Copy out each line of the data that holds the word "False".

== RAW DATA

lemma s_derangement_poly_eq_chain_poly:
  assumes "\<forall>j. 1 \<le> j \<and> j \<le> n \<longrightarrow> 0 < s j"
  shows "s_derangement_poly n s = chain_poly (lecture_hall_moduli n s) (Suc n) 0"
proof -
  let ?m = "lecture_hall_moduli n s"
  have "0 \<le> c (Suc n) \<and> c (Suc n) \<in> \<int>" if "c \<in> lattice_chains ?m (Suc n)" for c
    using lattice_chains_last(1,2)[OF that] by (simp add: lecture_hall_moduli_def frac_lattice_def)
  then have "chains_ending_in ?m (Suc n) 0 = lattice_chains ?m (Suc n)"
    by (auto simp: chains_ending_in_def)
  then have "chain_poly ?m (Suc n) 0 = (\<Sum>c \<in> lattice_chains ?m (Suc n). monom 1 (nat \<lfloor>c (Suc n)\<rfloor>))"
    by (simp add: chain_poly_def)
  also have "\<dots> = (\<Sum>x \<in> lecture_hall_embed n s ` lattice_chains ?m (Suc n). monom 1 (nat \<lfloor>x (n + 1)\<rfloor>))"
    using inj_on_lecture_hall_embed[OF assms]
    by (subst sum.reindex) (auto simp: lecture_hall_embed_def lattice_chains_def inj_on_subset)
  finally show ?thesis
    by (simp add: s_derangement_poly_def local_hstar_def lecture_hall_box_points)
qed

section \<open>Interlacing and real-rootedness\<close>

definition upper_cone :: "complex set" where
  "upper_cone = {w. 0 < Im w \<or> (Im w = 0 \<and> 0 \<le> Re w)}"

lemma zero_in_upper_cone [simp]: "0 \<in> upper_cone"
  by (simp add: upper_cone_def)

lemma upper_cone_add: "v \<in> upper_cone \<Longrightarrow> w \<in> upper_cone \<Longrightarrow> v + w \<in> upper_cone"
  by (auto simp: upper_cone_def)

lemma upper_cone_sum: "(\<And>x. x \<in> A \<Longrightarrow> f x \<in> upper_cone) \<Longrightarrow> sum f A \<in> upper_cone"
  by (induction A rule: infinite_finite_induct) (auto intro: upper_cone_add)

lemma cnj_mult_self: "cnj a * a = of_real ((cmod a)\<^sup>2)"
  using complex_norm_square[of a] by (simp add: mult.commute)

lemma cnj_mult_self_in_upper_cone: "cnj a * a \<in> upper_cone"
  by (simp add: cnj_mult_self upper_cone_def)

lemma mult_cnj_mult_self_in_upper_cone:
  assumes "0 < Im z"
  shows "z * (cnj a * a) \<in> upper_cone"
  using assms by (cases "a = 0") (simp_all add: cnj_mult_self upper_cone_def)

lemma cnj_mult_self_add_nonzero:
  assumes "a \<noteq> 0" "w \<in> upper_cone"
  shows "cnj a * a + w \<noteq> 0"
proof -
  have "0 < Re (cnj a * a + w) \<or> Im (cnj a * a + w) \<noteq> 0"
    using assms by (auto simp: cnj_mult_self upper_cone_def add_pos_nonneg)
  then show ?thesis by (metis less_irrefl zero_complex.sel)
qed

====
== RAW DATA

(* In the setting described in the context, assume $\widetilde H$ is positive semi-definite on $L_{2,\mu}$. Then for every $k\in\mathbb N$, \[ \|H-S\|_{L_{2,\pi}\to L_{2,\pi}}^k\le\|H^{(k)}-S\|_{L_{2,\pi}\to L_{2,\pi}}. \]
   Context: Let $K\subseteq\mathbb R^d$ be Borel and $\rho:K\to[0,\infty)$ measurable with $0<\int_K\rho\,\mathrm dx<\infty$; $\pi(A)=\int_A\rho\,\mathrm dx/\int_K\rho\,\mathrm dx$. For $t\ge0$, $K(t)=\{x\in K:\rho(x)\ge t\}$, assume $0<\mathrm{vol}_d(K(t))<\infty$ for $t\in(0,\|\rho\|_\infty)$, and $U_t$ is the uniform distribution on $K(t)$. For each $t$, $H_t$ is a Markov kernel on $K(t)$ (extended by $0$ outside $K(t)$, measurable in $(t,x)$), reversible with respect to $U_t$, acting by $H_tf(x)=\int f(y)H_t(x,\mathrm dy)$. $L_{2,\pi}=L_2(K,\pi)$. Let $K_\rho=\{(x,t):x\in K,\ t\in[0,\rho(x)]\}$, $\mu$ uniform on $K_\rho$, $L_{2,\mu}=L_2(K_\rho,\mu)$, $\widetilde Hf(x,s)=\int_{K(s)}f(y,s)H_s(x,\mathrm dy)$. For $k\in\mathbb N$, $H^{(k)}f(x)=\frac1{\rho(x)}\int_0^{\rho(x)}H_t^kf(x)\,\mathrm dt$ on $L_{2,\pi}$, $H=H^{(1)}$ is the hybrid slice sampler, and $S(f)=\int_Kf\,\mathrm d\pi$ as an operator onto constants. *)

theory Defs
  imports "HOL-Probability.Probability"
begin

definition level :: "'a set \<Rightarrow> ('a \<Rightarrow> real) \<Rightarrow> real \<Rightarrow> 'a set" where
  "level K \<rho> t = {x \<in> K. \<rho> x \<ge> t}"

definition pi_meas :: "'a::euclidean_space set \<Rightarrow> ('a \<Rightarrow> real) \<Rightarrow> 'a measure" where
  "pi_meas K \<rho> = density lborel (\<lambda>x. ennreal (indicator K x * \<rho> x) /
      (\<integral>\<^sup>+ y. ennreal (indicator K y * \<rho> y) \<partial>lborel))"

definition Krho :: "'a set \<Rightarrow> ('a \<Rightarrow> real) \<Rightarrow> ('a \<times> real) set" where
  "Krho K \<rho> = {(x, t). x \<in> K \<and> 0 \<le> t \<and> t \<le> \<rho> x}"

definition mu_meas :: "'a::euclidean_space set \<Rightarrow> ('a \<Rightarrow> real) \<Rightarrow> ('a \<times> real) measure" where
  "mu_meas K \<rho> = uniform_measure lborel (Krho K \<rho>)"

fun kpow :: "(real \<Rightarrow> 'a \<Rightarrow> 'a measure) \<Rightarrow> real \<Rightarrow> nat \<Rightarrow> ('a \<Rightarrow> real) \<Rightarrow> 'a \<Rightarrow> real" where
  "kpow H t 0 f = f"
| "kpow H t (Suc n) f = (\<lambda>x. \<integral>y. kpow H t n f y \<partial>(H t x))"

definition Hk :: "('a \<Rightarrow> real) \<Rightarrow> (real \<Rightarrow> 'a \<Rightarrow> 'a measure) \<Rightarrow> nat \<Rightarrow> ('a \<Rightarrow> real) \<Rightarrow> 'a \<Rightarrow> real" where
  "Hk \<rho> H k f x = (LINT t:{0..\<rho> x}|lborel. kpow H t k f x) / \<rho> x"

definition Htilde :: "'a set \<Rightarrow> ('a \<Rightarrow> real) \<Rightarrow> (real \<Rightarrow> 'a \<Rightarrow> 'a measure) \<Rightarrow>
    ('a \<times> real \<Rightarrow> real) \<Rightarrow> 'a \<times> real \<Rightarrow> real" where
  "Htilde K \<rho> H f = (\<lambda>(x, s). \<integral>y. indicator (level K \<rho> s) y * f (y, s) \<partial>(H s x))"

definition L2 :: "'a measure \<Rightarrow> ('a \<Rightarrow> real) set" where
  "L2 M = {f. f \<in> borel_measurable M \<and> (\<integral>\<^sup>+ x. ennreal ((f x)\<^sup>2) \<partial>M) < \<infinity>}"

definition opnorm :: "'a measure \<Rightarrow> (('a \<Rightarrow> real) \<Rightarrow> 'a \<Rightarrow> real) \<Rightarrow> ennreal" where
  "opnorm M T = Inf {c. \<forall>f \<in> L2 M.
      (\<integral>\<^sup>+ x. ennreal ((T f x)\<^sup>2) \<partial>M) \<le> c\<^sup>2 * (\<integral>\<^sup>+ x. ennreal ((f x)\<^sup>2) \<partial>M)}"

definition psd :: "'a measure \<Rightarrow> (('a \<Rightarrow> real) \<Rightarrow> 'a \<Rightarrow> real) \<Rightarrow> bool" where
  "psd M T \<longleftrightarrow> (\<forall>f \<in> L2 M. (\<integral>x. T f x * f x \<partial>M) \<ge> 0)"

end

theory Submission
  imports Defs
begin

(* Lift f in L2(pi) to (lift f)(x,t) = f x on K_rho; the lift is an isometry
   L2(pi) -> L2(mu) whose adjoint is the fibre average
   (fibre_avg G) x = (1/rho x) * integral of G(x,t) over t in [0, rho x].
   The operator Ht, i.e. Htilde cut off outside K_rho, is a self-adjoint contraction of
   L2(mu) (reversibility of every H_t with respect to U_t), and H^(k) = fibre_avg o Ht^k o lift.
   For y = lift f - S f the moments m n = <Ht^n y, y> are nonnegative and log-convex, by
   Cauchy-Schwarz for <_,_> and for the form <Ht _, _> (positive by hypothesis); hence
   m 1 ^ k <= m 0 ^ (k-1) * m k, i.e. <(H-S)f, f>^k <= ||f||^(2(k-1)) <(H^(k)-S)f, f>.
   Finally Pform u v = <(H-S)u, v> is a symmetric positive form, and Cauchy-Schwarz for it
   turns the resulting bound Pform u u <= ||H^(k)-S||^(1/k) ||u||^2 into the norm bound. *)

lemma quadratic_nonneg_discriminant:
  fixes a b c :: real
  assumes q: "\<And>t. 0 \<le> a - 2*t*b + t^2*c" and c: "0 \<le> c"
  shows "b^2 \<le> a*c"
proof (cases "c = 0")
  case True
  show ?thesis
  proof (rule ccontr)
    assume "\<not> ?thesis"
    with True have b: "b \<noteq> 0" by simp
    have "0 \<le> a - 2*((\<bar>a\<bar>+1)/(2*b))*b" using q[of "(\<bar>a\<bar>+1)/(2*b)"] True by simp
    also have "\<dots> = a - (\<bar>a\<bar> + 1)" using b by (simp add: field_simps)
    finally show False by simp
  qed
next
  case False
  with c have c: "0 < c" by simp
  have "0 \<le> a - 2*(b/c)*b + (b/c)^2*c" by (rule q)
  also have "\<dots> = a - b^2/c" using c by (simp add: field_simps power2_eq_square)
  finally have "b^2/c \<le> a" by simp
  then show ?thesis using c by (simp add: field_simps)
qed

====
== RAW DATA

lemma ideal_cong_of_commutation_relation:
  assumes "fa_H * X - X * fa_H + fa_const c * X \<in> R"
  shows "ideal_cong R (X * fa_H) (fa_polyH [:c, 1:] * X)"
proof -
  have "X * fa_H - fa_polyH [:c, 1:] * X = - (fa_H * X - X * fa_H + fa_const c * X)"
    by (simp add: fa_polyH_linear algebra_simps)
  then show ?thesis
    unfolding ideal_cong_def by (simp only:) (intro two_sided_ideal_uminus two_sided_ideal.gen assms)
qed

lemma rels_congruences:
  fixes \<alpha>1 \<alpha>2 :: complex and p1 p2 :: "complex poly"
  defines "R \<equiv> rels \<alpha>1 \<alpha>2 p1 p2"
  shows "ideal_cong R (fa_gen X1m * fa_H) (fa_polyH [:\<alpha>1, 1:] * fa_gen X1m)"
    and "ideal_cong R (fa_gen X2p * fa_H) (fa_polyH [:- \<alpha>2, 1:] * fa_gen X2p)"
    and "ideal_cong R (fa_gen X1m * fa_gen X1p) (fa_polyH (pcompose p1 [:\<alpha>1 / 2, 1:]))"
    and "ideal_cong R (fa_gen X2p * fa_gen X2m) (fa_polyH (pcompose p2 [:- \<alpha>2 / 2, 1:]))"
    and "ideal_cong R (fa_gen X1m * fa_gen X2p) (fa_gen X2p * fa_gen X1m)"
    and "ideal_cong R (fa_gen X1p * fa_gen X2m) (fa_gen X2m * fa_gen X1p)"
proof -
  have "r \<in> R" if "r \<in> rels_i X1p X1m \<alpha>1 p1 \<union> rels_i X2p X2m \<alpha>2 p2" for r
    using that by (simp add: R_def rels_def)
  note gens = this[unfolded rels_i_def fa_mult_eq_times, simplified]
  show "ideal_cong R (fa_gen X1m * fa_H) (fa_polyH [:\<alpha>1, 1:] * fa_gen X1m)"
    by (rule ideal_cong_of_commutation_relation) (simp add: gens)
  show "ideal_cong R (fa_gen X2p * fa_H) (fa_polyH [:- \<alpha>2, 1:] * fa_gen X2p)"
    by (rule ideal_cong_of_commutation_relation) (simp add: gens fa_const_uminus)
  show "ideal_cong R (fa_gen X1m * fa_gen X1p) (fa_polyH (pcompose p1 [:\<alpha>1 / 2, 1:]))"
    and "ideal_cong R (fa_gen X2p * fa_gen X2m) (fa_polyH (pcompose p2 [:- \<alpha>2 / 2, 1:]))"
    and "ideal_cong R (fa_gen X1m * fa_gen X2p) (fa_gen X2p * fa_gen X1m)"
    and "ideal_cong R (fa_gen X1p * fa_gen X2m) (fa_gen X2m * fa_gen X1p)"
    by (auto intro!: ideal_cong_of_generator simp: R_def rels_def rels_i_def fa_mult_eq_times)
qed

====

◆ TASK SOLUTION ◆
    finally show False by simp
  case False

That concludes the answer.